____ Supplied data

lemma proper_concave_ge_from_left:
  assumes conc: "proper_concave f" and "y < t" "t < a" "f a \<noteq> -\<infinity>"
    and left: "\<forall>x\<in>{y<..<t}. ereal c \<le> f x"
  shows "ereal c \<le> f t"
proof -
  obtain fa where fa: "f a = ereal fa"
    using assms(4) proper_concave_not_PInf[OF conc] by (cases "f a") auto
  \<comment> \<open>\<open>t\<close> is the convex combination of \<open>x\<close> and \<open>a\<close> with weight \<open>l x\<close>, and \<open>l x \<rightarrow> 1\<close> as \<open>x \<rightarrow> t\<close>\<close>
  define l where "l x = (a - t) / (a - x)" for x
  have "((\<lambda>x. l x * c + (1 - l x) * fa) \<longlongrightarrow> l t * c + (1 - l t) * fa) (at_left t)"
    unfolding l_def using \<open>t < a\<close> by (intro tendsto_intros) auto
  then have lim: "((\<lambda>x. ereal (l x * c + (1 - l x) * fa)) \<longlongrightarrow> ereal c) (at_left t)"
    using \<open>t < a\<close> by (simp add: l_def)
  have "ereal (l x * c + (1 - l x) * fa) \<le> f t" if x: "x \<in> {y<..<t}" for x
  proof -
    have l: "0 \<le> l x" "1 - l x = (t - x) / (a - x)"
      using x \<open>t < a\<close> by (auto simp: l_def field_simps)
    have "ereal (l x * c + (1 - l x) * fa) = ereal (l x) * ereal c + ereal (1 - l x) * f a"
      by (simp add: fa)
    also have "\<dots> \<le> ereal (l x) * f x + ereal (1 - l x) * f a"
      using left x l \<open>t < a\<close> by (intro add_mono ereal_mult_left_mono) auto
    also have "\<dots> \<le> f t"
      using proper_concave_between[OF conc _ \<open>t < a\<close>, of x] x l by (simp add: l_def)
    finally show ?thesis .
  qed
  then have "eventually (\<lambda>x. ereal (l x * c + (1 - l x) * fa) \<le> f t) (at_left t)"
    using eventually_at_left_real[OF \<open>y < t\<close>] by (auto elim: eventually_mono)
  then show ?thesis by (rule tendsto_upperbound[OF lim]) simp
qed

lemma proper_concave_ge_Sup:
  assumes conc: "proper_concave f" and P: "P \<noteq> {}" "bdd_above P"
    and "Sup P < a" "f a \<noteq> -\<infinity>" and ge: "\<forall>x\<in>P. ereal c \<le> f x"
  shows "ereal c \<le> f (Sup P)"
proof -
  obtain y where y: "y \<in> P" using P(1) by blast
  have "y \<le> Sup P" using y P(2) by (rule cSup_upper)
  show ?thesis
  proof (cases "y = Sup P")
    case True
    then show ?thesis using ge y by auto
  next
    case False
    have "ereal c \<le> f x" if x: "x \<in> {y<..<Sup P}" for x
    proof -
      obtain z where "z \<in> P" "x < z" using x less_cSup_iff[OF P] by auto
      then show ?thesis using ge y x by (intro proper_concave_ge_between[OF conc, of y x z]) auto
    qed
    with False \<open>y \<le> Sup P\<close> assms(4,5) show ?thesis
      by (intro proper_concave_ge_from_left[OF conc, of y _ a]) auto
  qed
qed

lemma proper_concave_Sup_roots:
  assumes conc: "proper_concave f" and R: "{x. f x = 0} \<noteq> {}" "bdd_above {x. f x = 0}"
    and "Sup {x. f x = 0} < a" "f a \<noteq> -\<infinity>"
  shows "f (Sup {x. f x = 0}) = 0"
proof (rule ccontr)
  define t where "t = Sup {x. f x = 0}"
  assume "f (Sup {x. f x = 0}) \<noteq> 0"
  moreover have "0 \<le> f t"
    using proper_concave_ge_Sup[OF conc R assms(4,5), of 0] by (simp add: t_def zero_ereal_def)
  ultimately have pos: "0 < f t" by (simp add: t_def)
  have below: "x < t" if "f x = 0" for x
    using cSup_upper[OF _ R(2), of x] that pos by (force simp: t_def le_less)
  obtain y where y: "f y = 0" using R(1) by blast
  obtain z where z: "f z = 0" "y < z"
    using less_cSup_iff[OF R] below[OF y] by (auto simp: t_def)
  have "0 < f z" using proper_concave_pos_between[OF conc z(2) below[OF z(1)] y pos] .
  with z(1) show False by simp
qed

lemma proper_concave_Sup_argmax:
  assumes conc: "proper_concave f"
    and A: "{x. \<forall>y. f y \<le> f x} \<noteq> {}" "bdd_above {x. \<forall>y. f y \<le> f x}"
    and "Sup {x. \<forall>y. f y \<le> f x} < a" "f a \<noteq> -\<infinity>"
  shows "\<forall>y. f y \<le> f (Sup {x. \<forall>y. f y \<le> f x})"
proof -
  obtain m where m: "\<forall>y. f y \<le> f m" using A(1) by blast
  obtain M where M: "f m = ereal M"
    using m assms(5) proper_concave_not_PInf[OF conc, of m] by (cases "f m") force+
  have "ereal M \<le> f (Sup {x. \<forall>y. f y \<le> f x})"
    using m by (intro proper_concave_ge_Sup[OF conc A assms(4,5)]) (metis M mem_Collect_eq)
  with m M show ?thesis by (metis order_trans)
qed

________

Restate word for word only the lines above from the line containing "f x + ereal" to the line containing "with False \<open>y", both of them included.

Solved exercise:
    also have "\<dots> \<le> ereal (l x) * f x + ereal (1 - l x) * f a"
      using left x l \<open>t < a\<close> by (intro add_mono ereal_mult_left_mono) auto
    also have "\<dots> \<le> f t"
      using proper_concave_between[OF conc _ \<open>t < a\<close>, of x] x l by (simp add: l_def)
    finally show ?thesis .
  qed
  then have "eventually (\<lambda>x. ereal (l x * c + (1 - l x) * fa) \<le> f t) (at_left t)"
    using eventually_at_left_real[OF \<open>y < t\<close>] by (auto elim: eventually_mono)
  then show ?thesis by (rule tendsto_upperbound[OF lim]) simp
qed

lemma proper_concave_ge_Sup:
  assumes conc: "proper_concave f" and P: "P \<noteq> {}" "bdd_above P"
    and "Sup P < a" "f a \<noteq> -\<infinity>" and ge: "\<forall>x\<in>P. ereal c \<le> f x"
  shows "ereal c \<le> f (Sup P)"
proof -
  obtain y where y: "y \<in> P" using P(1) by blast
  have "y \<le> Sup P" using y P(2) by (rule cSup_upper)
  show ?thesis
  proof (cases "y = Sup P")
    case True
    then show ?thesis using ge y by auto
  next
    case False
    have "ereal c \<le> f x" if x: "x \<in> {y<..<Sup P}" for x
    proof -
      obtain z where "z \<in> P" "x < z" using x less_cSup_iff[OF P] by auto
      then show ?thesis using ge y x by (intro proper_concave_ge_between[OF conc, of y x z]) auto
    qed
    with False \<open>y \<le> Sup P\<close> assms(4,5) show ?thesis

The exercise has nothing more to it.